DATA.
(* Let $\hat\Phi:\mathbf{Sym}\to F[[x]]$ be the (continuous) algebra homomorphism with $\hat\Phi(\mathbf h_n)=E_nx^n/n!$. Then for every composition $L$ of $n$, $\hat\Phi(\mathbf r_L)=\hat\beta(L)\,x^n/n!$, where $\hat\beta(L)$ is the number of permutations of $[n]$ with alternating descent composition $L$.
   Context: $F$ is a field of characteristic $0$. In $F\langle\langle X_1,X_2,\dots\rangle\rangle$ (noncommuting variables), $\mathbf h_n=\sum_{i_1\le\cdots\le i_n}X_{i_1}\cdots X_{i_n}$, $\mathbf h_L=\mathbf h_{L_1}\cdots\mathbf h_{L_k}$; $\mathbf{Sym}$ is the algebra of (possibly infinite) $F$-linear combinations of the $\mathbf h_L$. For a composition $L$ of $n$, $\mathbf r_L=\sum X_{i_1}\cdots X_{i_n}$ over $(i_1,\dots,i_n)$ weakly increasing within consecutive blocks of lengths $L_1,\dots,L_k$ with a strict decrease between the last index of each block and the first of the next. $E_n$: $\sum E_nx^n/n!=\sec x+\tan x$. The alternating descent composition of $\pi\in\mathfrak S_n$ with alternating descent set $\{s_1<\dots<s_k\}$ is $(s_1,s_2-s_1,\dots,n-s_k)$, where $i\in[n-1]$ is an alternating descent if $i$ odd and $\pi_i>\pi_{i+1}$, or $i$ even and $\pi_i<\pi_{i+1}$. *)

theory Defs
  imports "HOL-Computational_Algebra.Formal_Power_Series" "HOL-Combinatorics.Permutations"
begin

text \<open>Noncommutative formal power series in variables indexed by nat
  (letter i stands for the variable X_(i+1)); a series is its coefficient function on words.\<close>
type_synonym 'a ncps = "nat list \<Rightarrow> 'a"

definition ncone :: "'a::field_char_0 ncps" where
  "ncone w = (if w = [] then 1 else 0)"

definition ncmult :: "'a::field_char_0 ncps \<Rightarrow> 'a ncps \<Rightarrow> 'a ncps" where
  "ncmult f g w = (\<Sum>k\<le>length w. f (take k w) * g (drop k w))"

definition hh :: "nat \<Rightarrow> 'a::field_char_0 ncps" where
  "hh n w = (if length w = n \<and> sorted w then 1 else 0)"

definition hL :: "nat list \<Rightarrow> 'a::field_char_0 ncps" where
  "hL L = foldr (\<lambda>k acc. ncmult (hh k) acc) L ncone"

definition compositions :: "nat \<Rightarrow> nat list set" where
  "compositions n = {L. sum_list L = n \<and> 0 \<notin> set L}"

text \<open>(possibly infinite) linear combination of the h_L, computed coefficientwise\<close>
definition symsum :: "(nat list \<Rightarrow> 'a::field_char_0) \<Rightarrow> 'a ncps" where
  "symsum c w = (\<Sum>L\<in>compositions (length w). c L * hL L w)"

definition Sym :: "'a::field_char_0 ncps set" where
  "Sym = range symsum"

fun r_ok :: "nat list \<Rightarrow> nat list \<Rightarrow> bool" where
  "r_ok [] w = (w = [])"
| "r_ok (a # L) w = (a \<le> length w \<and> sorted (take a w) \<and> r_ok L (drop a w) \<and>
      (L \<noteq> [] \<longrightarrow> 0 < a \<and> drop a w \<noteq> [] \<and> last (take a w) > hd (drop a w)))"

definition rL :: "nat list \<Rightarrow> 'a::field_char_0 ncps" where
  "rL L w = (if r_ok L w then 1 else 0)"

definition euler_zz :: "nat \<Rightarrow> 'a::field_char_0" where
  "euler_zz n = fact n * fps_nth (inverse (fps_cos 1) + fps_tan 1) n"

definition alt_descents :: "nat \<Rightarrow> (nat \<Rightarrow> nat) \<Rightarrow> nat set" where
  "alt_descents n \<pi> = {i\<in>{1..<n}. (odd i \<and> \<pi> i > \<pi> (Suc i)) \<or> (even i \<and> \<pi> i < \<pi> (Suc i))}"

definition comp_of_set :: "nat \<Rightarrow> nat set \<Rightarrow> nat list" where
  "comp_of_set n S = (if n = 0 then [] else
     (let s = sorted_list_of_set S in map2 (-) (s @ [n]) (0 # s)))"

definition alt_des_comp :: "nat \<Rightarrow> (nat \<Rightarrow> nat) \<Rightarrow> nat list" where
  "alt_des_comp n \<pi> = comp_of_set n (alt_descents n \<pi>)"

definition beta_hat :: "nat list \<Rightarrow> nat" where
  "beta_hat L = card {\<pi>. \<pi> permutes {1..sum_list L} \<and> alt_des_comp (sum_list L) \<pi> = L}"

end

theory Submission
  imports Defs "HOL-Combinatorics.Multiset_Permutations"
begin

text \<open>Write \<open>S\<close> for the set of proper partial sums of \<open>L\<close>, and \<open>comp T\<close> for the composition of \<open>n\<close>
  cut at the points of \<open>T \<subseteq> {1..<n}\<close>. A word contributes to \<open>h\<^sub>K\<close> (resp. \<open>r\<^sub>L\<close>) iff its descent
  set is contained in the partial sums of \<open>K\<close> (resp. equals \<open>S\<close>), so inclusion-exclusion gives
  \<open>r\<^sub>L = \<Sum>\<^sub>T\<^sub>\<subseteq>\<^sub>S (-1)\<^bsup>|S-T|\<^esup> h\<^bsub>comp T\<^esub>\<close>, and \<open>\<Phi>\<close> maps \<open>h\<^sub>K\<close> to \<open>\<Prod>\<^sub>k E\<^sub>k/k! x\<^sup>n\<close>.
  In the same way \<open>\<beta>(L)\<close> is an alternating sum of the numbers of permutations whose alternating
  descent set lies in \<open>T\<close>. Such a permutation is obtained by choosing the entries of each block of
  \<open>comp T\<close> and arranging each block as an alternating word of the right parity, so there are
  \<open>n! \<Prod>\<^sub>k E\<^sub>k/k!\<close> of them. That an \<open>m\<close>-set has \<open>E\<^sub>m\<close> alternating arrangements of either parity
  follows by removing the largest entry and comparing with \<open>f' = sec f = tan f + 1\<close> for
  \<open>f = sec + tan\<close>.\<close>

section \<open>Compositions and subsets of \<open>{1..<n}\<close>\<close>

fun set_of_comp :: "nat list \<Rightarrow> nat set" where
  "set_of_comp [] = {}"
| "set_of_comp (a # K) = (if K = [] then {} else insert a ((+) a ` set_of_comp K))"

fun partial_sums :: "nat \<Rightarrow> nat list \<Rightarrow> nat list" where
  "partial_sums b [] = []"
| "partial_sums b [a] = []"
| "partial_sums b (a # c # K) = (b + a) # partial_sums (b + a) (c # K)"

definition consecutive_diffs :: "nat \<Rightarrow> nat list \<Rightarrow> nat \<Rightarrow> nat list" where
  "consecutive_diffs b s n = map2 (-) (s @ [n]) (b # s)"

lemma consecutive_diffs_Nil [simp]: "consecutive_diffs b [] n = [n - b]"
  by (simp add: consecutive_diffs_def)

lemma consecutive_diffs_Cons [simp]:
  "consecutive_diffs b (x # s) n = (x - b) # consecutive_diffs x s n"
  by (simp add: consecutive_diffs_def)

lemma comp_of_set_eq_consecutive_diffs:
  "0 < n \<Longrightarrow> comp_of_set n T = consecutive_diffs 0 (sorted_list_of_set T) n"
  by (simp add: comp_of_set_def consecutive_diffs_def Let_def)

lemma consecutive_diffs_partial_sums:
  "K \<noteq> [] \<Longrightarrow> consecutive_diffs b (partial_sums b K) (b + sum_list K) = K"
  by (induction b K rule: partial_sums.induct) (auto simp: add.assoc)

lemma set_partial_sums: "set (partial_sums b K) = (+) b ` set_of_comp K"
  by (induction b K rule: partial_sums.induct) (auto simp: image_image add.assoc)

lemma partial_sums_increasing:
  assumes "0 \<notin> set K"
  shows "sorted_wrt (<) (partial_sums b K)"
    and "\<forall>x\<in>set (partial_sums b K). b < x \<and> x < b + sum_list K"
  using assms by (induction b K rule: partial_sums.induct) fastforce+

lemma finite_set_of_comp [simp]: "finite (set_of_comp K)"
  by (induction K) auto

lemma set_of_comp_subset: "0 \<notin> set K \<Longrightarrow> set_of_comp K \<subseteq> {1..<sum_list K}"
  using partial_sums_increasing(2)[of K 0] set_partial_sums[of 0 K] by auto

lemma sorted_list_of_set_of_comp:
  "0 \<notin> set K \<Longrightarrow> sorted_list_of_set (set_of_comp K) = partial_sums 0 K"
  using set_partial_sums[of 0 K] partial_sums_increasing(1)[of K 0]
  by (metis image_add_0 sorted_list_of_set.idem_if_sorted_distinct strict_sorted_iff)

lemma comp_of_set_of_comp:
  assumes "0 \<notin> set K"
  shows "comp_of_set (sum_list K) (set_of_comp K) = K"
proof (cases "K = []")
  case False
  with assms have "0 < sum_list K"
    by (cases K) auto
  with False assms show ?thesis
    using consecutive_diffs_partial_sums[of K 0]
    by (simp add: comp_of_set_eq_consecutive_diffs sorted_list_of_set_of_comp)
qed (simp add: comp_of_set_def)

lemma consecutive_diffs_sorted:
  assumes "sorted_wrt (<) s" and "\<forall>x\<in>set s. b < x \<and> x < n" and "b < n"
  shows "set_of_comp (consecutive_diffs b s n) = (\<lambda>y. y - b) ` set s
    \<and> sum_list (consecutive_diffs b s n) = n - b \<and> 0 \<notin> set (consecutive_diffs b s n)"
  using assms
proof (induction s arbitrary: b)
  case (Cons x s)
  then have "(+) (x - b) ` ((\<lambda>y. y - x) ` set s) = (\<lambda>y. y - b) ` set s"
    unfolding image_image by (intro image_cong) auto
  with Cons show ?case by (cases s) auto
qed simp

lemma
  assumes "T \<subseteq> {1..<n}"
  shows set_of_comp_of_set: "set_of_comp (comp_of_set n T) = T"
    and comp_of_set_in_compositions: "comp_of_set n T \<in> compositions n"
proof -
  have "finite T"
    using assms finite_subset by blast
  have "set_of_comp (comp_of_set n T) = T \<and> comp_of_set n T \<in> compositions n"
  proof (cases "n = 0")
    case False
    then show ?thesis
      using consecutive_diffs_sorted[of "sorted_list_of_set T" 0 n] assms \<open>finite T\<close>
      by (force simp: comp_of_set_eq_consecutive_diffs compositions_def)
  qed (use assms in \<open>simp add: comp_of_set_def compositions_def\<close>)
  then show "set_of_comp (comp_of_set n T) = T" and "comp_of_set n T \<in> compositions n"
    by blast+
qed

lemma bij_betw_comp_of_set: "bij_betw (comp_of_set n) (Pow {1..<n}) (compositions n)"
proof (rule bij_betw_byWitness[where f' = set_of_comp])
  show "comp_of_set n ` Pow {1..<n} \<subseteq> compositions n"
    using comp_of_set_in_compositions by blast
  show "set_of_comp ` compositions n \<subseteq> Pow {1..<n}"
    using set_of_comp_subset by (auto simp: compositions_def)
qed (auto simp: compositions_def set_of_comp_of_set comp_of_set_of_comp)

lemma finite_compositions: "finite (compositions n)"
  using bij_betw_finite[OF bij_betw_comp_of_set] by blast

WORK TO BE COMPLETED.
Every line above that holds the word "Defs" should be copied out.

OUTPUT OF THE TASK.
theory Defs
  imports Defs "HOL-Combinatorics.Multiset_Permutations"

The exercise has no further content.